== Instructions for the task ==
Among the entries below, tally the lines that include "notin", and give the number alone.

== Task input ==
——————

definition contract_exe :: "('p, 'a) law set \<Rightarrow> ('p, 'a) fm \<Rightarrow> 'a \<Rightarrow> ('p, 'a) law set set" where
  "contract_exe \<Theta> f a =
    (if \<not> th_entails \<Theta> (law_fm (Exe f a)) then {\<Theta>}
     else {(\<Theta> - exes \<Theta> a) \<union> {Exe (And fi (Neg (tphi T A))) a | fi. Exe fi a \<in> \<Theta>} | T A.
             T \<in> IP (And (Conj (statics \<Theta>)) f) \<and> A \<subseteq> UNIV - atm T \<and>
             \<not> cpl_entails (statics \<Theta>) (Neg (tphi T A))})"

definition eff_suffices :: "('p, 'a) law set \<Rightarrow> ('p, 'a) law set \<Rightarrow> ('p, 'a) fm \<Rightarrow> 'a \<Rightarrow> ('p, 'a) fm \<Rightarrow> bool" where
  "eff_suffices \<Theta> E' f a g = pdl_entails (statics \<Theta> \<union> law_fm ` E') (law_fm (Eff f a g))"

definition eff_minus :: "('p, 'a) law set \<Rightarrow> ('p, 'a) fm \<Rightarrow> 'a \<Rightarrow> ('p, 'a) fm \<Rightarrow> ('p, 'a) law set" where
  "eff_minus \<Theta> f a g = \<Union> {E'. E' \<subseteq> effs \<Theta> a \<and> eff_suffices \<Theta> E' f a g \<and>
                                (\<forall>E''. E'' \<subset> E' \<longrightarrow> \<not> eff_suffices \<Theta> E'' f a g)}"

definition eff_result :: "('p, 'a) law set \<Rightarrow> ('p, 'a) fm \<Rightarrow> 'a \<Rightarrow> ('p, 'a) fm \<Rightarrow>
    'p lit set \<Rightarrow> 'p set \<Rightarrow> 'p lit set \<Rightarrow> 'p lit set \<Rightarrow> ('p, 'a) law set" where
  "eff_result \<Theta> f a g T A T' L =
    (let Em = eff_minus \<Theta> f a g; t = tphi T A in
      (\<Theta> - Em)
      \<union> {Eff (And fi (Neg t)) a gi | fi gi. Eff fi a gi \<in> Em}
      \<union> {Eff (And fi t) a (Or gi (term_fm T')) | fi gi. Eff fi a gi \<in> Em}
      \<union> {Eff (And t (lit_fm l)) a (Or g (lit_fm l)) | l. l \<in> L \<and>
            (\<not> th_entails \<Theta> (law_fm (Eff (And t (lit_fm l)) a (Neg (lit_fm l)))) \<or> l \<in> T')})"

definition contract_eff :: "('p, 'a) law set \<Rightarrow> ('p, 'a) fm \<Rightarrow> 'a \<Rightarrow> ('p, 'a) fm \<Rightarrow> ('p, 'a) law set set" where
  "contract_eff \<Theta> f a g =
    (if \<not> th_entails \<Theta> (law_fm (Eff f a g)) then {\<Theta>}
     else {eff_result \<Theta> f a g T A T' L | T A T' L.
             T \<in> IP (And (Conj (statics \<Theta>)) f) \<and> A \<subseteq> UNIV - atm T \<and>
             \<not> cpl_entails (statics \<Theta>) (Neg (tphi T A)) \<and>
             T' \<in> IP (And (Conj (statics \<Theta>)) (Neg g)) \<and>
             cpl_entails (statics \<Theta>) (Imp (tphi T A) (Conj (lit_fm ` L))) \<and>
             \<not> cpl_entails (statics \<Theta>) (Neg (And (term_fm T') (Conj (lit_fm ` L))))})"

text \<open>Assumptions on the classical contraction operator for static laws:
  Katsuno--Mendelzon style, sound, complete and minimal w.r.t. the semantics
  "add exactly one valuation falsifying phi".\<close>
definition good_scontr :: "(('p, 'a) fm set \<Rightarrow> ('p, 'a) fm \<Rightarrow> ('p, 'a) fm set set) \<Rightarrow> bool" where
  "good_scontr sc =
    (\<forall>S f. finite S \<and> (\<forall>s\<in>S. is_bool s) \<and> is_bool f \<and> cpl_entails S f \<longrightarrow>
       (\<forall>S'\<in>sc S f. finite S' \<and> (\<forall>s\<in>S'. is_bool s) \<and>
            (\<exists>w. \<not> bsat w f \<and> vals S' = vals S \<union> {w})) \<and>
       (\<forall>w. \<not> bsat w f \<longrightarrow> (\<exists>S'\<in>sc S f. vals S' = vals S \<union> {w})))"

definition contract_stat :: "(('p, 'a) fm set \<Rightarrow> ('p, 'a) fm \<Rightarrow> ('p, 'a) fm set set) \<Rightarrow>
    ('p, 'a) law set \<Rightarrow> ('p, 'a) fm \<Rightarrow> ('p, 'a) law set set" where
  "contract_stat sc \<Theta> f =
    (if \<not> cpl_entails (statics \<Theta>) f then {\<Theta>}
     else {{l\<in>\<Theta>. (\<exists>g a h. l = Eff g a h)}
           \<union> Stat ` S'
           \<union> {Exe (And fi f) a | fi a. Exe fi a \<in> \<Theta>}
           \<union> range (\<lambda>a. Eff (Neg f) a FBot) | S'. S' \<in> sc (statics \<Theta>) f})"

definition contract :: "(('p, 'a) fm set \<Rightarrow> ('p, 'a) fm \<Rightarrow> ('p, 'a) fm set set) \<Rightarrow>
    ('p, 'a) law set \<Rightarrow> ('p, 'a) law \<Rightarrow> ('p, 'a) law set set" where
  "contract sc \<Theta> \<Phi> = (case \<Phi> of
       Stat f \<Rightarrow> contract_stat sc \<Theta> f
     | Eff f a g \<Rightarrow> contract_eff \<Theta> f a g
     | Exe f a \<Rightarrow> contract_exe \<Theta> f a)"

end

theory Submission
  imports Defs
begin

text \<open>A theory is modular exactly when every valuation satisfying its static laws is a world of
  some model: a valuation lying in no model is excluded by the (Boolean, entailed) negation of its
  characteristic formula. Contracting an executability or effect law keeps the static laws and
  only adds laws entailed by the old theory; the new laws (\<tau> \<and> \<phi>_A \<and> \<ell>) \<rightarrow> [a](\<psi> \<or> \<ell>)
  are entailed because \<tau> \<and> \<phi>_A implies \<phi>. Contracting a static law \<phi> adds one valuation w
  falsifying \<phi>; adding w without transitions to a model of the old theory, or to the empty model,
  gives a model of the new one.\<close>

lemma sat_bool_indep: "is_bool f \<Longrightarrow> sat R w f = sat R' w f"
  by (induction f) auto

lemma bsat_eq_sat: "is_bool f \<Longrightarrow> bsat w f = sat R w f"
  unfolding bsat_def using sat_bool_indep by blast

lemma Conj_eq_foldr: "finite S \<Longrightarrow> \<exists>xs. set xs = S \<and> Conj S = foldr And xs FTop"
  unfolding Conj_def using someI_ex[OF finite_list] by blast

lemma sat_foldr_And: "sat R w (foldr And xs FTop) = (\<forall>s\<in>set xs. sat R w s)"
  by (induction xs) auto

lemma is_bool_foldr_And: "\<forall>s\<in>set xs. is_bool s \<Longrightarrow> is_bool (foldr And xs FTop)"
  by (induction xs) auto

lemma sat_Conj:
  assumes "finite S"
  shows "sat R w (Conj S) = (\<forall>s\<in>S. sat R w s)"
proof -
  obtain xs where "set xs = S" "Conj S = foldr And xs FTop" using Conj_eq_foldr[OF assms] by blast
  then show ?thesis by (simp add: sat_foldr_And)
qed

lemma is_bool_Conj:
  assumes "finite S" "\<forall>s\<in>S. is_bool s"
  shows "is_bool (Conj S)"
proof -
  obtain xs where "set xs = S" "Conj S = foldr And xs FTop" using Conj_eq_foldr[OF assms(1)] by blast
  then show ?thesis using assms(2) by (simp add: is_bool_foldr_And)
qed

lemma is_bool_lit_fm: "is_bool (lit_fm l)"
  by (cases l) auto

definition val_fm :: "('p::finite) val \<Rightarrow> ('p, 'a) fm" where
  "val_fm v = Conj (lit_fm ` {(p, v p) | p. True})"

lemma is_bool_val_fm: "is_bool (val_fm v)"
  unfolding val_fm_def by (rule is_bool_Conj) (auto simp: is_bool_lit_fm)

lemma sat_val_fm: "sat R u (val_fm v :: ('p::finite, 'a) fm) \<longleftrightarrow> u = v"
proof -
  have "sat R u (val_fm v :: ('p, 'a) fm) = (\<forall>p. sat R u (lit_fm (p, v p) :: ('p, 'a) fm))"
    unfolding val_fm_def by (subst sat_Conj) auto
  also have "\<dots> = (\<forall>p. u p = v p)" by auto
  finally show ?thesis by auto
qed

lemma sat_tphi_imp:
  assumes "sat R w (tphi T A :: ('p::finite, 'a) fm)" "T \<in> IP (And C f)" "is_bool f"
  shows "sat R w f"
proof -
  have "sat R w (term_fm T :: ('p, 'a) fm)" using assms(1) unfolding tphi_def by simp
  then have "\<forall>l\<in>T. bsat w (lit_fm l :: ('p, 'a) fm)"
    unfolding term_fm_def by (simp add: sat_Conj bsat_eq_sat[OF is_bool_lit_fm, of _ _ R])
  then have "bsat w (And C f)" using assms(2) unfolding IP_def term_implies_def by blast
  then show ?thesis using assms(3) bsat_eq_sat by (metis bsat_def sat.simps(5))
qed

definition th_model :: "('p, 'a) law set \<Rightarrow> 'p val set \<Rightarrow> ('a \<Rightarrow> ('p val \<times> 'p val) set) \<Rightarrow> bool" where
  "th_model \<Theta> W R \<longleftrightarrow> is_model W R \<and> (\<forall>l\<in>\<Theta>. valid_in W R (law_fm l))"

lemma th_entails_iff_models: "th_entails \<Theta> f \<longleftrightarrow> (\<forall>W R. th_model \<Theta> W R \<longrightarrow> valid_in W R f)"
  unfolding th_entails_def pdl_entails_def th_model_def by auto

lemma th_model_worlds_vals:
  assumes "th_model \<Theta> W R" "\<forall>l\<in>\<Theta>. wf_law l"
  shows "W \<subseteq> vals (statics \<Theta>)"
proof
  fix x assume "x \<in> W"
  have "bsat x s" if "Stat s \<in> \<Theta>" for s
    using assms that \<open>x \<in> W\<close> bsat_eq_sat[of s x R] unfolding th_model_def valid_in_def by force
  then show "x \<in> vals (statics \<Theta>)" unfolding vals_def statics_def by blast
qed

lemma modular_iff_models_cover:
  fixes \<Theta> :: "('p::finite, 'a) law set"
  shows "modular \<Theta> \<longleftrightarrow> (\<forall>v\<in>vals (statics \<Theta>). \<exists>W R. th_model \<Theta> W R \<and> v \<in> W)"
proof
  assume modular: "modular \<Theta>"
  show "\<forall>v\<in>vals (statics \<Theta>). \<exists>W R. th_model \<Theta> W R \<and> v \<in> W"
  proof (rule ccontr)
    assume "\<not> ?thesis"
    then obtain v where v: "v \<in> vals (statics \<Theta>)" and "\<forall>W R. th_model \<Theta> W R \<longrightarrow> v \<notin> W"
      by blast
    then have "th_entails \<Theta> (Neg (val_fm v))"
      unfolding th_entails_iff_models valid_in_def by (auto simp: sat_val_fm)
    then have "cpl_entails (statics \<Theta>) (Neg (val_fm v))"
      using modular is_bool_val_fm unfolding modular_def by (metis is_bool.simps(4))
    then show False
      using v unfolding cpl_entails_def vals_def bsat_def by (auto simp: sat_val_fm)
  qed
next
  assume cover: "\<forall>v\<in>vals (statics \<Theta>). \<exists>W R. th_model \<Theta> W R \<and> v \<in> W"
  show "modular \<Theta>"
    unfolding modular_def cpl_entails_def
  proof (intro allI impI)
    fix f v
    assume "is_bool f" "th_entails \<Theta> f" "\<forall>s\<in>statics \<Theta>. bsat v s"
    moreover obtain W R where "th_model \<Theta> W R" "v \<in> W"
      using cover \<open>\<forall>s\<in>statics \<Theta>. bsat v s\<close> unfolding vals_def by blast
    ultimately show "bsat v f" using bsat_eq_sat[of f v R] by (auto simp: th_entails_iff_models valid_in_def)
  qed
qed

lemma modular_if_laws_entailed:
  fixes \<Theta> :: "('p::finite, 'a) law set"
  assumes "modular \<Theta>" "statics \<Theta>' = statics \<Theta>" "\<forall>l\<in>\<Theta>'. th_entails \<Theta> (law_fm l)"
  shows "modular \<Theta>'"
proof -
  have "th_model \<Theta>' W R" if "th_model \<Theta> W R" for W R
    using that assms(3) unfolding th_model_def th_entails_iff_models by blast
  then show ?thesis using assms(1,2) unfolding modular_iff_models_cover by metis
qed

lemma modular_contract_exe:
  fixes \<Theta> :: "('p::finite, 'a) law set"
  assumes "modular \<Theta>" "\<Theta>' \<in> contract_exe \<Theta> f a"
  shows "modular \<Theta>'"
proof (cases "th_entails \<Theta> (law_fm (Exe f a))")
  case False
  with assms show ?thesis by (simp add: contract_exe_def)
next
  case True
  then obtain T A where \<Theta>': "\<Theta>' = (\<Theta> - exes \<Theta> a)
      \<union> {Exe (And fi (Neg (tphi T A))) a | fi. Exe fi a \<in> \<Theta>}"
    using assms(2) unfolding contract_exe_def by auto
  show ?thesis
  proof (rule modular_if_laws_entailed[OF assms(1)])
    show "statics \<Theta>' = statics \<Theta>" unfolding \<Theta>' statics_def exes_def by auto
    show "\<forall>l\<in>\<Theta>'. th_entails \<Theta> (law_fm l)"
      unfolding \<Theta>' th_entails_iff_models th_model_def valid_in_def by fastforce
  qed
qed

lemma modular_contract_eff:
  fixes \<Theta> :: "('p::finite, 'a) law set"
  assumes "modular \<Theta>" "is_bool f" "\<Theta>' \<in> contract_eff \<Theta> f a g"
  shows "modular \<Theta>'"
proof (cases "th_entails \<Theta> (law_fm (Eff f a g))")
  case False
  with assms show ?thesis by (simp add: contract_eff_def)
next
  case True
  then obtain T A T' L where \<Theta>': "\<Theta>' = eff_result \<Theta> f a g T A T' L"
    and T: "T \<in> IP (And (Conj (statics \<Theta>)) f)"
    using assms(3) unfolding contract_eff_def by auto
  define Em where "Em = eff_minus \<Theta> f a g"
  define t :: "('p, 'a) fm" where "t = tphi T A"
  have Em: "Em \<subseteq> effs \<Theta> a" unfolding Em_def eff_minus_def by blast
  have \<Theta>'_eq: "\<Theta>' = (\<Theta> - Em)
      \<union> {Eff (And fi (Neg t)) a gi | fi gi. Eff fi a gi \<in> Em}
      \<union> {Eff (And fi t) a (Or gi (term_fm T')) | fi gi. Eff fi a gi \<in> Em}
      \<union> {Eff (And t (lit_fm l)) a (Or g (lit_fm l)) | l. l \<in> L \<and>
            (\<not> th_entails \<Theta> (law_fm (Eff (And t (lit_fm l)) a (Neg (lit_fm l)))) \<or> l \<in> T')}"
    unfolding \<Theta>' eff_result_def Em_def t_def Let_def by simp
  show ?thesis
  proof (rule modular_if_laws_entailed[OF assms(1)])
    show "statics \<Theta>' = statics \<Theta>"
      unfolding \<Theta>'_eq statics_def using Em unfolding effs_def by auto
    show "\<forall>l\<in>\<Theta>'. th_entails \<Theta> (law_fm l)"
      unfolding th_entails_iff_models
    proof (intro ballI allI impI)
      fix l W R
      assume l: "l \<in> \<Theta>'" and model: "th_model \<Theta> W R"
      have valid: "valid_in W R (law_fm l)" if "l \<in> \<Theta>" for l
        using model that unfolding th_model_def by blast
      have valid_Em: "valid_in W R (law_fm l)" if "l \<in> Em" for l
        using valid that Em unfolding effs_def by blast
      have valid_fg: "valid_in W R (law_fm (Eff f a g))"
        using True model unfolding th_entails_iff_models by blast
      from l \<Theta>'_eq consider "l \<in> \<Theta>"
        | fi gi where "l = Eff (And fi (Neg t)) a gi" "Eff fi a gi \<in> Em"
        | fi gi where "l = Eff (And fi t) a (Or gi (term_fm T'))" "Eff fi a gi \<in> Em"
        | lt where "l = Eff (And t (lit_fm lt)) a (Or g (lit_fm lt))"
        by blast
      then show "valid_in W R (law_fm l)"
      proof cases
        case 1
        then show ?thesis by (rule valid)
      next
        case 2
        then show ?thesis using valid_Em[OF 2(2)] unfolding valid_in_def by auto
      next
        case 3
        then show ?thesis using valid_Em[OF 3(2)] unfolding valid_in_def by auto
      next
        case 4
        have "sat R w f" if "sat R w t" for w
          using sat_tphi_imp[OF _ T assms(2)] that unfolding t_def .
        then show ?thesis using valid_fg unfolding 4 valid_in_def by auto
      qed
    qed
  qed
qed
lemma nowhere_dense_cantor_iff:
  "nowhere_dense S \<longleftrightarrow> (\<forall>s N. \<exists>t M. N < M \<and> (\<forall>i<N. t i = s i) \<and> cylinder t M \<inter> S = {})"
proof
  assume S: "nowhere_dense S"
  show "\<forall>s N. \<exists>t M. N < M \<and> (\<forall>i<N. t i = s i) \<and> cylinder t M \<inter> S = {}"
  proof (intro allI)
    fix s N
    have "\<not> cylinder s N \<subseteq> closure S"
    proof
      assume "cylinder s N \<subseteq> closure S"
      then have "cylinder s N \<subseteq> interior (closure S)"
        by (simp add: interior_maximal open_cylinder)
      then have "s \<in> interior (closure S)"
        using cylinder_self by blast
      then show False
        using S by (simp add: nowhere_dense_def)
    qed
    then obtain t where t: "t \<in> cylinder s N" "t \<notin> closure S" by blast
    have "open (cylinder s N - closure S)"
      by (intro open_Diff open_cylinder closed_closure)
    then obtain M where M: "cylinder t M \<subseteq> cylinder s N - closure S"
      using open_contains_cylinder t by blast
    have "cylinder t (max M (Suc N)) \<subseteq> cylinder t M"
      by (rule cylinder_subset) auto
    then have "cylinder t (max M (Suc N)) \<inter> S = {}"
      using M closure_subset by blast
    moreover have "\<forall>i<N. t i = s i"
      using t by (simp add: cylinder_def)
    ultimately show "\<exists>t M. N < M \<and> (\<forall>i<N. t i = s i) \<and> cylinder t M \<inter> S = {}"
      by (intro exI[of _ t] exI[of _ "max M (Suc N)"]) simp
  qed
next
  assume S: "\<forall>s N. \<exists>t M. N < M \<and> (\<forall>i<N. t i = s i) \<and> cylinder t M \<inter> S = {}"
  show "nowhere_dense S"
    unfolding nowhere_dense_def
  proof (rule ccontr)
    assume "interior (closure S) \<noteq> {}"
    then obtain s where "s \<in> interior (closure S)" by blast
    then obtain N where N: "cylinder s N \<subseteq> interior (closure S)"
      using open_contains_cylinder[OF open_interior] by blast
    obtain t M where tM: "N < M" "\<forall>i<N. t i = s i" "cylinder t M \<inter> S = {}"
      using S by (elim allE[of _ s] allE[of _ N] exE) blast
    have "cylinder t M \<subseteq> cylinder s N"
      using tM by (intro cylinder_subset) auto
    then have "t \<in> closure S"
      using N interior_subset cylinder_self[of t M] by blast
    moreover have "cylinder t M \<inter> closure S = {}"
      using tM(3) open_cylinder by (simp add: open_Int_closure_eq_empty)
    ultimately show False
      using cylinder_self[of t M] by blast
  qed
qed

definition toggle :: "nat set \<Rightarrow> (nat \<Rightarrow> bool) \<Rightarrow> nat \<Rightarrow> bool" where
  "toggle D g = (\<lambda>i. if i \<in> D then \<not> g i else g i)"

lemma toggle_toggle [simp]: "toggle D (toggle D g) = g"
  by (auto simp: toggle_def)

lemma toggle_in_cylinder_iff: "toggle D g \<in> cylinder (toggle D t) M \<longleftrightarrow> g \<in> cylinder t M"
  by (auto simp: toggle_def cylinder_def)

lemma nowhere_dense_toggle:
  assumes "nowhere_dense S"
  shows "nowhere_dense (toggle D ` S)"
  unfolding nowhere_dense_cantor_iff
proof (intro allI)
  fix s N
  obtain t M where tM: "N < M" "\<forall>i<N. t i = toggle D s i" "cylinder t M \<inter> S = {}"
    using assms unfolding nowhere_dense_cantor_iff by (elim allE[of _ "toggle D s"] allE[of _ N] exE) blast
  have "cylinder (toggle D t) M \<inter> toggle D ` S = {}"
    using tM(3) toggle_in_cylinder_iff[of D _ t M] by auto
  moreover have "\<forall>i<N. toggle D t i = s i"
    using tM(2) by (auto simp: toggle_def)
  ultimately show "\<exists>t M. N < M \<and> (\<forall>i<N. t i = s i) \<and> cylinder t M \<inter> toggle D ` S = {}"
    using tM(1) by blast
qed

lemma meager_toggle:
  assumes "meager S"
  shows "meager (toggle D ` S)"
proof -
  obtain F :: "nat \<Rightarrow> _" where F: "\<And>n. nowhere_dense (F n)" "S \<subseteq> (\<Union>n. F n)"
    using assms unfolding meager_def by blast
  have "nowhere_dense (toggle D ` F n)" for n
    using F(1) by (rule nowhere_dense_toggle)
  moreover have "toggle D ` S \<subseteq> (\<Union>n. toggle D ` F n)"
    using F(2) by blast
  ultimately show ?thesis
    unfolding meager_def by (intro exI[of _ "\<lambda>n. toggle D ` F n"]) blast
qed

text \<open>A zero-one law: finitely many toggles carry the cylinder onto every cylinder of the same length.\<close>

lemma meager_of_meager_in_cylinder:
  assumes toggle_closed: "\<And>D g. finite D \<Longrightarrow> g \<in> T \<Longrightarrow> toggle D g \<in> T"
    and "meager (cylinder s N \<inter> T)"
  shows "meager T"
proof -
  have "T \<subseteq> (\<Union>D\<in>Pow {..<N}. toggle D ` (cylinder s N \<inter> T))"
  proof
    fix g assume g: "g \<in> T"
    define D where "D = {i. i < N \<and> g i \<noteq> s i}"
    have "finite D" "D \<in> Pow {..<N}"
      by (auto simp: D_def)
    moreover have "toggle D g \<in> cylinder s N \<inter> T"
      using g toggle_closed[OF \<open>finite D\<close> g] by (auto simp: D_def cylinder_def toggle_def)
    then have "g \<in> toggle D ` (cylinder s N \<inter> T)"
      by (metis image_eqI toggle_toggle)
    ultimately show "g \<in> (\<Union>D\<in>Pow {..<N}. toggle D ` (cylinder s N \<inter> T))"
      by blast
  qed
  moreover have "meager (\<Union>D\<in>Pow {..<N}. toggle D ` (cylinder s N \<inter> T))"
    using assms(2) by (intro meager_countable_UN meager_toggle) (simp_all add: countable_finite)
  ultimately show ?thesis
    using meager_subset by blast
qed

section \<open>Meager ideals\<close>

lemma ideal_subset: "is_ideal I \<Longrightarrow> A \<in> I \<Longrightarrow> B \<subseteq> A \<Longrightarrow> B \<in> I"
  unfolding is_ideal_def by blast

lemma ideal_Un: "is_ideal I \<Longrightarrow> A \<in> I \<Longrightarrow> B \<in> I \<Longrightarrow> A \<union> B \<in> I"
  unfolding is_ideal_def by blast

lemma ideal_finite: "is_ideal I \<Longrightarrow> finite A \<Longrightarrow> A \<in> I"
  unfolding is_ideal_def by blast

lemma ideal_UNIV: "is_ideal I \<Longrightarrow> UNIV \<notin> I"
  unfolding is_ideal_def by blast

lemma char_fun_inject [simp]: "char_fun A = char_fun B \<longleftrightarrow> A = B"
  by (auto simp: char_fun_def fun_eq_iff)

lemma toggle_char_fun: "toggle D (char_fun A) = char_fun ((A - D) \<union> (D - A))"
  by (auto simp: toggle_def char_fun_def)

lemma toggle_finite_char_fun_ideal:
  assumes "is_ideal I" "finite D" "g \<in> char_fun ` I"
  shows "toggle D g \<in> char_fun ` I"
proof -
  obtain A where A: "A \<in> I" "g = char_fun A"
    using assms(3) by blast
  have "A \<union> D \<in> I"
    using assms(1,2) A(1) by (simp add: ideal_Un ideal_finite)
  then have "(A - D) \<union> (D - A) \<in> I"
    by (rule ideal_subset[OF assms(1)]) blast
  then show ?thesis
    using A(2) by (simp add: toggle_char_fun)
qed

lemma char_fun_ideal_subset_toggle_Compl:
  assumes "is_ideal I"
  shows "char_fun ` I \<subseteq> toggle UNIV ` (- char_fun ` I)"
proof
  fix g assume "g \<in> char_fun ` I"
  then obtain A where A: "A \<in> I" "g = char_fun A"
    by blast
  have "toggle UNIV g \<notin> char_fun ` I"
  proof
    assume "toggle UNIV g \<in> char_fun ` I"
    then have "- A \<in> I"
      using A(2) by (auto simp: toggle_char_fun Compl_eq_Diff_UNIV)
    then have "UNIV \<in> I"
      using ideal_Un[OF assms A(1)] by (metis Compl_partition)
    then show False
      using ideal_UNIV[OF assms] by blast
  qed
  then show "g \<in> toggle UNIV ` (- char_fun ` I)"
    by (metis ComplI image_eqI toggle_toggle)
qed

——————

== Reply ==
4